Over the past month or so, I've noticed a disturbing relapse to the anti-social norms that governed public places about 10 years ago -- constant phone usage, not saying hello to strangers, and putting as much space as possible between themselves and others. Those trends had all but gone away by 2019-'20.
Hopefully this is just a temporary thing, perhaps caused by their anxiety over the instability of the national government -- when/if the dust settles, maybe they'll act more normally and less paranoid / cocooning.
Whatever the reason, they're really seizing on the coronavirus excuse to turn it into yet another tiresome status contest for aspiring or actual elites. Strivers can never stop striving.
First, it was the conspicuous wearing of masks in open-air spaces with few people around, like the walking path around a park. And not even in an otherwise densely packed neighborhood. Like, in the suburbs. Masks do nothing health-related in such a setting, but they do allow strivers to compete over something novel -- who can adopt the most paranoid mask-wearing norm? Almost no one was wearing masks around the park before a month or so ago, despite everyone complying while indoors at retail stores, etc., so this is a very new shift.
But now it's going beyond just the masks, which have a low ceiling for how far out of control the competition can spiral. Wear them indoors, in the outdoors, and maybe in your car -- and that's it, end of contest.
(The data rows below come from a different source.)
lemma integrable_divide_powr:
  fixes w e :: "'a \<Rightarrow> real"
  assumes w: "integrable M w" and e: "e \<in> borel_measurable M" "\<And>x. x \<in> space M \<Longrightarrow> 0 \<le> e x \<and> e x \<le> E"
    and s: "0 < s"
  shows "integrable M (\<lambda>x. w x / s powr e x)"
proof (rule Bochner_Integration.integrable_bound)
  show "integrable M (\<lambda>x. \<bar>w x\<bar> / min 1 s powr E)" using w by simp
  show "(\<lambda>x. w x / s powr e x) \<in> borel_measurable M" using w e by measurable
  have "min 1 s powr E \<le> s powr e x" if "x \<in> space M" for x
  proof -
    have "min 1 s powr E \<le> min 1 s powr e x" using e(2)[OF that] s by (intro powr_mono') auto
    also have "\<dots> \<le> s powr e x" using e(2)[OF that] s by (intro powr_mono2) auto
    finally show ?thesis .
  qed
  then show "AE x in M. norm (w x / s powr e x) \<le> norm (\<bar>w x\<bar> / min 1 s powr E)"
    using s by (intro AE_I2) (simp add: abs_divide frac_le)
qed

lemma scaled_modular_le_one:
  fixes W e :: "'j::finite \<Rightarrow> 'a \<Rightarrow> real"
  assumes "\<And>j. integrable M (W j)" "\<And>j x. x \<in> space M \<Longrightarrow> 0 \<le> W j x"
    and "\<And>j x. x \<in> space M \<Longrightarrow> 1 \<le> e j x"
  shows "scaled_modular M W e (1 + (\<Sum>j\<in>UNIV. \<integral>x. W j x \<partial>M)) \<le> 1"
proof -
  define s where "s = 1 + (\<Sum>j\<in>UNIV. \<integral>x. W j x \<partial>M)"
  have s: "1 \<le> s" using assms by (simp add: s_def sum_nonneg integral_nonneg)
  have "(\<integral>x. W j x / s powr e j x \<partial>M) \<le> (\<integral>x. W j x / s \<partial>M)" for j
  proof (rule integral_mono')
    fix x assume x: "x \<in> space M"
    have "s powr 1 \<le> s powr e j x" using s assms(3)[OF x] by (intro powr_mono) auto
    then show "W j x / s powr e j x \<le> W j x / s" using s assms(2)[OF x] by (intro divide_left_mono) auto
  qed (use assms s in auto)
  then have "scaled_modular M W e s \<le> (\<Sum>j\<in>UNIV. \<integral>x. W j x \<partial>M) / s"
    unfolding scaled_modular_def sum_divide_distrib by (intro sum_mono) simp
  also have "\<dots> \<le> 1" using s by (simp add: s_def)
  finally show ?thesis by (simp add: s_def)
qed
(* Suppose $\dim_{\mathbb{C}}N=n-m=4$, where $N=\mathrm{span}_{\mathbb{C}}\{I_{m+1},\dots,I_n\}$, and suppose the structure constants satisfy $\Upsilon^{m+1}_{m+1,m+2}\Upsilon^{m+2}_{m+2,m+3}=\Upsilon^{m+1}_{m+1,m+2}\Upsilon^{m+2}_{m+2,m+4}=\Upsilon^{m+1}_{m+1,m+3}\Upsilon^{m+2}_{m+3,m+4}=\Upsilon^{m+3}_{m+3,m+4}\Upsilon^{m+1}_{m+1,m+3}=\Upsilon^{m+1}_{m+2,m+3}\Upsilon^{m+1}_{m+3,m+4}=\Upsilon^{m+1}_{m+2,m+3}\Upsilon^{m+2}_{m+3,m+4}=\Upsilon^{m+1}_{m+2,m+3}\Upsilon^{m+3}_{m+3,m+4}=\Upsilon^{m+1}_{m+1,m+2}\Upsilon^{m+1}_{m+2,m+3}\Upsilon^{m+2}_{m+3,m+4}=\Upsilon^{m+1}_{m+1,m+2}\Upsilon^{m+1}_{m+2,m+3}\Upsilon^{m+3}_{m+3,m+4}=\Upsilon^{m+2}_{m+2,m+3}\Upsilon^{m+1}_{m+3,m+4}=\Upsilon^{m+2}_{m+2,m+3}\Upsilon^{m+3}_{m+3,m+4}=\Upsilon^{m+2}_{m+2,m+3}\Upsilon^{m+1}_{m+1,m+2}\Upsilon^{m+1}_{m+3,m+4}=\Upsilon^{m+2}_{m+2,m+3}\Upsilon^{m+1}_{m+1,m+2}\Upsilon^{m+2}_{m+3,m+4}=\Upsilon^{m+2}_{m+2,m+3}\Upsilon^{m+1}_{m+1,m+2}\Upsilon^{m+3}_{m+3,m+4}=0.$ Then for every circle $C$ as described in the context, $\lambda:=\int_C\zeta^{-1}\,d\zeta=2\pi i$ (that is, $2\pi i$ times the unit of $\mathbb{A}_n^m$).
   Context: Fix natural numbers $m\le n$. $\mathbb{A}_n^m$ is a commutative associative algebra with unit over $\mathbb{C}$ with a basis $\{I_k\}_{k=1}^n$ satisfying: (1) for $r,s\in\{1,\dots,m\}$, $I_rI_s=0$ if $r\ne s$ and $I_rI_r=I_r$; (2) for $r,s\in\{m+1,\dots,n\}$, $I_rI_s=\sum_{k=\max\{r,s\}+1}^{n}\Upsilon^{s}_{r,k}I_k$ with constants $\Upsilon^s_{r,k}\in\mathbb{C}$ (so $\Upsilon^s_{r,k}$ is the coefficient of $I_k$ in $I_rI_s$); (3) for each $s\in\{m+1,\dots,n\}$ there is a unique $u_s\in\{1,\dots,m\}$ such that for $r\in\{1,\dots,m\}$, $I_rI_s=I_s$ if $r=u_s$ and $0$ otherwise. Unit $1=\sum_{u=1}^mI_u$; $\mathbb{A}_n^m=S\oplus_sN$ with $S=\mathrm{span}\{I_1,\dots,I_m\}$, $N=\mathrm{span}\{I_{m+1},\dots,I_n\}$. $f_u(\sum_k\lambda_kI_k)=\lambda_u$. Let $e_1=1$, $e_2=\sum_ka_kI_k$, $e_3=\sum_kb_kI_k$ ($a_k,b_k\in\mathbb{C}$) be linearly independent over $\mathbb{R}$; $\zeta=xe_1+ye_2+ze_3$ ($x,y,z\in\mathbb{R}$), $E_3$ their real span. Standing assumption: $f_u(E_3)=\mathbb{C}$ for all $u=1,\dots,m$. $\zeta$ is non-invertible exactly when $(x,y,z)$ lies on one of the lines $L_u=\{x+y\,\mathrm{Re}\,a_u+z\,\mathrm{Re}\,b_u=0,\ y\,\mathrm{Im}\,a_u+z\,\mathrm{Im}\,b_u=0\}$. The circle: $C\subset E_3$ is $C=\{xe_1+ye_2+ze_3:(x,y,z)\in C'\}$ for a Euclidean circle $C'\subset\mathbb{R}^3$ of radius $R>0$ centered at the origin, such that for every $u$ the image $f_u(C)$ is a positively oriented closed Jordan curve in $\mathbb{C}$ bounding a domain containing $0$. Integral: for a Jordan rectifiable curve $\gamma$ and continuous $\Psi=\sum_k(U_k+iV_k)I_k$ on $\gamma_\zeta$, $\int_{\gamma_\zeta}\Psi d\zeta:=\sum_kI_k\int_\gamma(U_k+iV_k)dx+\sum_ke_2I_k\int_\gamma(U_k+iV_k)dy+\sum_ke_3I_k\int_\gamma(U_k+iV_k)dz$. *)

theory Defs
  imports "HOL-Complex_Analysis.Complex_Analysis"
begin

text \<open>Elements of the algebra A_n^m are coefficient functions x :: nat => complex,
  x k being the coefficient of the basis vector I_k (k in {1..n}); coefficients outside
  {1..n} are zero.  Ups s r k is the structure constant Upsilon^s_{r,k}, i.e. the
  coefficient of I_k in I_r I_s; u s is the index u_s of rule (3).\<close>

definition alg_elems :: "nat \<Rightarrow> (nat \<Rightarrow> complex) set" where
  "alg_elems n = {x. \<forall>k. k \<notin> {1..n} \<longrightarrow> x k = 0}"

definition basis_el :: "nat \<Rightarrow> nat \<Rightarrow> complex" where
  "basis_el i = (\<lambda>k. if k = i then 1 else 0)"

definition tbl :: "nat \<Rightarrow> nat \<Rightarrow> (nat \<Rightarrow> nat \<Rightarrow> nat \<Rightarrow> complex) \<Rightarrow> (nat \<Rightarrow> nat)
    \<Rightarrow> nat \<Rightarrow> nat \<Rightarrow> nat \<Rightarrow> complex" where
  "tbl m n Ups u r s k =
     (if r \<le> m \<and> s \<le> m then (if r = s \<and> k = r then 1 else 0)
      else if r \<le> m then (if r = u s \<and> k = s then 1 else 0)
      else if s \<le> m then (if s = u r \<and> k = r then 1 else 0)
      else (if max r s < k \<and> k \<le> n then Ups s r k else 0))"

definition amul :: "nat \<Rightarrow> nat \<Rightarrow> (nat \<Rightarrow> nat \<Rightarrow> nat \<Rightarrow> complex) \<Rightarrow> (nat \<Rightarrow> nat)
    \<Rightarrow> (nat \<Rightarrow> complex) \<Rightarrow> (nat \<Rightarrow> complex) \<Rightarrow> (nat \<Rightarrow> complex)" where
  "amul m n Ups u x y = (\<lambda>k. if k \<in> {1..n} then
      (\<Sum>r\<in>{1..n}. \<Sum>s\<in>{1..n}. x r * y s * tbl m n Ups u r s k) else 0)"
However, "social distancing" only has a minimum, not a maximum -- you can always keep just a little bit further away from the polluting bodies clogging up the public space you've unfortunately found yourself in.
Again, this shift is very recent, within the past month. Before, two people walking towards each other on the path might not have veered at all, or at most they'd move to either border of the path. Now I'm seeing people veer all the way off the path to tread over the grass (or mud or snow). And it's become a contest, with some moving just off of the path, others moving several feet off the path, and others charting an alternate course altogether, like at a 45-degree angle, as though to escape a vortex that had suddenly opened up before them.
Naturally I do not reciprocate, and I veer as far toward them as possible while still staying on the path. They expect me to play the game and see which one of us can micro-dehumanize the other more, but homie don't play dat. I'd rather spook them if they're going to act so anti-socially in public. I should dry-cough on my way over to them, for bonus points.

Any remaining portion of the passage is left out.